As described above, the carrier for measuring a filter-like biologically specific reaction and the measuring method using the same according to the present invention are highly accurate and free from the effects of non-specific reactions by a simple operation. Obtaining the analysis result is realized.

[Brief description of the drawings]

FIG. 1 is a view showing the result of analyzing a sample of an allergic patient by the method of the present invention.
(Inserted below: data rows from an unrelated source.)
(* Let $G$ be a graph with finitely many vertices. Let $v\in G^0$ be a regular vertex that is not a source and that emits exactly one edge $f_0$, where $f_0$ is not a loop of length one (i.e. $r(f_0)\neq v$). Define a graph $E$ as follows: - $E^0=G^0\setminus\{v\}$; - $E^1=(G^1\setminus(r^{-1}(v)\cup s^{-1}(v)))\cup\{[ef_0]: e\in r^{-1}(v)\}$; - range and source maps extend those of $G$, with $r_E([ef_0])=r_G(f_0)$ and $s_E([ef_0])=s_G(e)$. Then $G\sim_M E$.
   Context: A graph $G=(G^0,G^1,r,s)$ has vertex set $G^0$, edge set $G^1$, and range/source maps; multiple edges and loops are allowed. A source receives no edges, a sink emits no edges, and an infinite emitter emits infinitely many edges. A vertex is singular if it is a sink or infinite emitter, and regular otherwise. A loop of length one is an edge $e$ with $s(e)=r(e)$. Move-equivalence $\sim_M$ is the smallest equivalence relation on graphs with finitely many vertices such that $G\sim_M E$ whenever $E$ is isomorphic to a graph obtained from $G$ by one of the following moves. (S) Delete a regular source together with the edges it emits. (R) For a regular vertex $u$ emitting exactly one edge $f$, with $r(f)\neq u$, and all of whose incoming edges have the same source $v$: delete $u$, $f$ and the edges into $u$, and add for each $e\in r^{-1}(u)$ an edge $[ef]$ from $v$ to $r(f)$. (O) Out-splitting at a non-sink $v$ along a partition $\mathcal E_1,\dots,\mathcal E_n$ of $s^{-1}(v)$ with at most one infinite part. Replace $v$ by $v^1,\dots,v^n$. Each edge $e$ into $v$ becomes copies $e^1,\dots,e^n$ with $r(e^i)=v^i$ and source $s(e)$, or source $v^j$ if $s(e)=v$ and $e\in\mathcal E_j$. An edge from $v$ to $w\neq v$ lying in $\mathcal E_i$ gets source $v^i$. (I) In-splitting at a regular non-source $v$ along a partition $\mathcal E_1,\dots,\mathcal E_n$ of $r^{-1}(v)$. Replace $v$ by $v^1,\dots,v^n$. Each edge $e$ out of $v$ becomes copies $e^1,\dots,e^n$ with $s(e^i)=v^i$ and range $r(e)$, or range $v^j$ if $r(e)=v$ and $e\in\mathcal E_j$. An edge into $v$ from $w\neq v$ lying in $\mathcal E_i$ gets range $v^i$. *)

theory Defs
  imports Main
begin

record ('v, 'e) dgraph =
  verts :: "'v set"
  edges :: "'e set"
  rng   :: "'e \<Rightarrow> 'v"
  src   :: "'e \<Rightarrow> 'v"

definition is_graph :: "('v, 'e) dgraph \<Rightarrow> bool" where
  "is_graph G \<longleftrightarrow> (\<forall>e \<in> edges G. src G e \<in> verts G \<and> rng G e \<in> verts G)"

definition fin_graph :: "('v, 'e) dgraph \<Rightarrow> bool" where
  "fin_graph G \<longleftrightarrow> is_graph G \<and> finite (verts G)"

definition out_edges :: "('v, 'e) dgraph \<Rightarrow> 'v \<Rightarrow> 'e set" where
  "out_edges G v = {e \<in> edges G. src G e = v}"

definition in_edges :: "('v, 'e) dgraph \<Rightarrow> 'v \<Rightarrow> 'e set" where
  "in_edges G v = {e \<in> edges G. rng G e = v}"

definition is_source :: "('v, 'e) dgraph \<Rightarrow> 'v \<Rightarrow> bool" where
  "is_source G v \<longleftrightarrow> in_edges G v = {}"

definition is_sink :: "('v, 'e) dgraph \<Rightarrow> 'v \<Rightarrow> bool" where
  "is_sink G v \<longleftrightarrow> out_edges G v = {}"

definition regular :: "('v, 'e) dgraph \<Rightarrow> 'v \<Rightarrow> bool" where
  "regular G v \<longleftrightarrow> out_edges G v \<noteq> {} \<and> finite (out_edges G v)"

definition graph_iso :: "('v, 'e) dgraph \<Rightarrow> ('w, 'f) dgraph \<Rightarrow> bool" where
  "graph_iso G H \<longleftrightarrow> (\<exists>\<phi> \<psi>. bij_betw \<phi> (verts G) (verts H) \<and> bij_betw \<psi> (edges G) (edges H) \<and>
     (\<forall>e \<in> edges G. rng H (\<psi> e) = \<phi> (rng G e) \<and> src H (\<psi> e) = \<phi> (src G e)))"

definition move_S :: "('v, 'e) dgraph \<Rightarrow> 'v \<Rightarrow> ('v, 'e) dgraph \<Rightarrow> bool" where
  "move_S G u M \<longleftrightarrow> u \<in> verts G \<and> regular G u \<and> is_source G u \<and>
     M = \<lparr>verts = verts G - {u}, edges = edges G - out_edges G u, rng = rng G, src = src G\<rparr>"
──────────────────────────────────────────────────続 き Continued on the front page (51) Int.Cl. ⁷ Identification symbol FI Theme coat ゛ (Reference) G01N 33/545 G01N 33/545 Z

Claims (9)

[Claims] 1. A filter-like carrier for measuring a biologically specific reaction, comprising a filter-like organic polymer having a pore size of 1 to 100 μm. 2. An organic polymer comprising polyamide, polyamide imide, polyarylate, polyimide, polyether imide, polyether ether ketone, polyethylene, polyethylene oxide, polyester, polycarbonate, polystyrene, polysulfone, polyethersulfone, polyparamethylstyrene, Polyallylamine, polyvinyl alcohol, polyvinyl ether, polyvinyl butyral, polyvinyl formal, polyphenylene ether, polyphenylene sulfide, polybutylene terephthalate, polypropylene, polymethylpentene, acrylic resin, methacrylic resin, epoxy resin, xylene resin, guanamine resin, diallyl phthalate resin, Vinyl ester resin, phenol resin, unsaturated polyester resin, furan resin, The filter-like biological material according to claim 1, which is at least one kind or a mixture of two or more kinds selected from the group consisting of polyimide, poly-p-hydroxybenzoic acid, polyurethane, maleic acid resin, melamine resin and urea resin resin. Carrier for specific reaction measurement. 3. The method according to claim 1, wherein the filter-like organic polymer has been subjected to at least one type of surface treatment selected from the group consisting of hydrolysis of the fiber surface, corona discharge, plasma treatment, UV-ozone treatment, and application of an active substance. Item 4. The carrier according to Item 1 or 2, for measuring a biological specific reaction. 4. The filter-like biological substance according to any one of claims 1 to 3, wherein the first substance that specifically reacts with the substance to be measured is provided on the lower part of the carrier for measurement of a filter-like biological specific reaction. Using a biological specific reaction measurement instrument provided with an absorption layer that absorbs the liquid that has passed through the specific reaction measurement carrier, from the top of the porous filter of the instrument, a sample containing the substance to be measured,
And sequentially supplying a second substance that specifically reacts with the analyte to which the detectable signal-generating substance is bound, and measuring the signal derived from the signal-generating substance to reduce the amount of the analyte in the sample. A measuring method characterized by calculating. 5. The method according to claim 4, wherein the substance to be measured is an antigen-specific human IgG. 6. A filter-like biological specific reaction measuring carrier according to claim 1, wherein a fourth substance specifically reacting with the third substance is immobilized. The first substance that specifically reacts with the substance to be measured from the top of the porous filter using a biologically specific reaction measurement instrument provided with an absorption layer that absorbs the liquid that has passed through the carrier for measurement of biologically specific reaction. And a mixed solution obtained by adding and reacting the target substance to the conjugate of the third substance, and a second substance that specifically reacts with the target substance to which the detectable signal-generating substance is bound, are sequentially supplied. A measurement method comprising calculating the amount of a substance to be measured in a sample by measuring a signal derived from a signal generating substance. 7. The method according to claim 6, wherein the third substance is biotin, and the fourth substance is one selected from the group consisting of avidin, streptavidin and an anti-biotin antibody. 8. The method according to claim 6, wherein the substance to be measured is an antigen-specific human IgG. 9. The method according to claim 6, wherein the substance to be measured is antigen-specific human IgE.